Anxiety Girl said...

I hear you, Ashley - I don't usually run, but I struggle like crazy some times.

Let me know how your venture out to Target goes. I was there this morning with my littlest girl (3) and I thought about you! We always end with a little treat (one of those tiny Horizon milks from Starbucks & a coffee for me).

You can do this & I can't wait to check in later to hear how it went!

Ashley said...

Hey, another Ashley with anxiety here :).. I've been trying to get through this workbook for weeks and I really need to sit down and do it. I have anxiety almost every day so I'm not sure what's stopping me from trying. There's always something else to do. I second everyone elses ideas about just working through your anxiety. I do find it to be tough though because I tend to feel as though I'm walking through a hazy fog when I'm anxious. It's nice to hear that others have had success with their anxiety. I've been dealing with it for at least three years now.

Ashley said...

Also, Amy- I'm so jealous of the CBT that you are getting. I've been trying for years to find a true CBT therapist but everyone that I've gone to wants me to stay for years and wants to talk about my childhood and how I got there. I'd like someone that could put a 10-12 week length on it and teach me how to cope.

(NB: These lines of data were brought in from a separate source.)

lemma card_sumset_int_ge:
  fixes X Y :: "int set"
  assumes "finite X" "finite Y" "X \<noteq> {}" "Y \<noteq> {}"
  shows "card X + card Y \<le> card (sumset X Y) + 1"
proof -
  let ?U = "(\<lambda>y. Min X + y) ` Y" and ?V = "(\<lambda>x. x + Max Y) ` X"
  have "card ?U = card Y" "card ?V = card X" by (simp_all add: card_image)
  moreover have "?U \<union> ?V \<subseteq> sumset X Y"
    using assms Min_in Max_in by (auto simp: sumset_def)
  then have "card (?U \<union> ?V) \<le> card (sumset X Y)"
    using assms by (intro card_mono finite_sumset) auto
  moreover have UV: "?U \<inter> ?V \<subseteq> {Min X + Max Y}"
  proof
    fix z assume "z \<in> ?U \<inter> ?V"
    then obtain x y where "x \<in> X" "y \<in> Y" "z = Min X + y" "z = x + Max Y" by auto
    moreover have "y \<le> Max Y" "Min X \<le> x" using assms calculation by auto
    ultimately show "z \<in> {Min X + Max Y}" by auto
  qed
  then have "card (?U \<inter> ?V) \<le> 1"
    using card_mono[OF _ UV] by simp
  moreover have "card ?U + card ?V = card (?U \<union> ?V) + card (?U \<inter> ?V)"
    using assms by (intro card_Un_Int) auto
  ultimately show ?thesis by linarith
qed

lemma sumset_fibre_subset: "sumset (fibre A k x) (fibre B k y) \<subseteq> fibre (sumset A B) k (x + y)"
proof
  fix z assume "z \<in> sumset (fibre A k x) (fibre B k y)"
  then obtain s u where "set_coord k s x \<in> A" "set_coord k u y \<in> B" "z = s + u"
    by (auto simp: sumset_def fibre_def)
  moreover have "set_coord k z (x + y) = set_coord k s x + set_coord k u y"
    using \<open>z = s + u\<close> by (simp add: set_coord_add)
  ultimately have "set_coord k z (x + y) \<in> sumset A B"
    unfolding sumset_def by blast
  then show "z \<in> fibre (sumset A B) k (x + y)" by (simp add: fibre_def)
qed

lemma image_set_coord_sumset:
  fixes A B :: "(int ^ 'r::finite) set"
  shows "set_coord k 0 ` sumset A B = sumset (set_coord k 0 ` A) (set_coord k 0 ` B)"
proof -
  have add: "set_coord k 0 (a + b) = set_coord k 0 a + set_coord k 0 b" for a b :: "int ^ 'r"
    using set_coord_add[of k 0 a 0 b] by simp
  show ?thesis
  proof
    show "set_coord k 0 ` sumset A B \<subseteq> sumset (set_coord k 0 ` A) (set_coord k 0 ` B)"
    proof
      fix z assume "z \<in> set_coord k 0 ` sumset A B"
      then obtain a b where "a \<in> A" "b \<in> B" "z = set_coord k 0 a + set_coord k 0 b"
        by (auto simp: sumset_def add)
      then show "z \<in> sumset (set_coord k 0 ` A) (set_coord k 0 ` B)"
        by (auto simp: sumset_def)
    qed
    show "sumset (set_coord k 0 ` A) (set_coord k 0 ` B) \<subseteq> set_coord k 0 ` sumset A B"
    proof
      fix z assume "z \<in> sumset (set_coord k 0 ` A) (set_coord k 0 ` B)"
      then obtain a b where "a \<in> A" "b \<in> B" "z = set_coord k 0 a + set_coord k 0 b"
        by (auto simp: sumset_def)
      then show "z \<in> set_coord k 0 ` sumset A B"
        by (intro image_eqI[where x = "a + b"]) (unfold sumset_def add, blast+)
    qed
  qed
qed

The kicker in all of this.... I'm a psychologist myself (for kids though, which makes a diference- I do a lot of testing and assessments). I know what I should do to help myself, but it's so hard to "counsel" yourself.

Anxiety Girl said...

Hi Ashley #2! Welcome to the site & thanks for sharing about your anxiety. I'm at home with kids now, but have my LCSW and know what you mean about it being hard to counsel yourself. Through my reading, though, I've found that lots of counselors, teachers, people in helping professions struggle with anxiety, as well. So, you're in good company.

Sometimes when I find myself not doing the reading/work, it's about feeling like - what happens if I go through this book and it doesn't help - what will I do then? I'd love for you to join us as we work through this one. Remember that your insight helps everyone else, too.

Happy holiday weekend & I'll check back in a few days!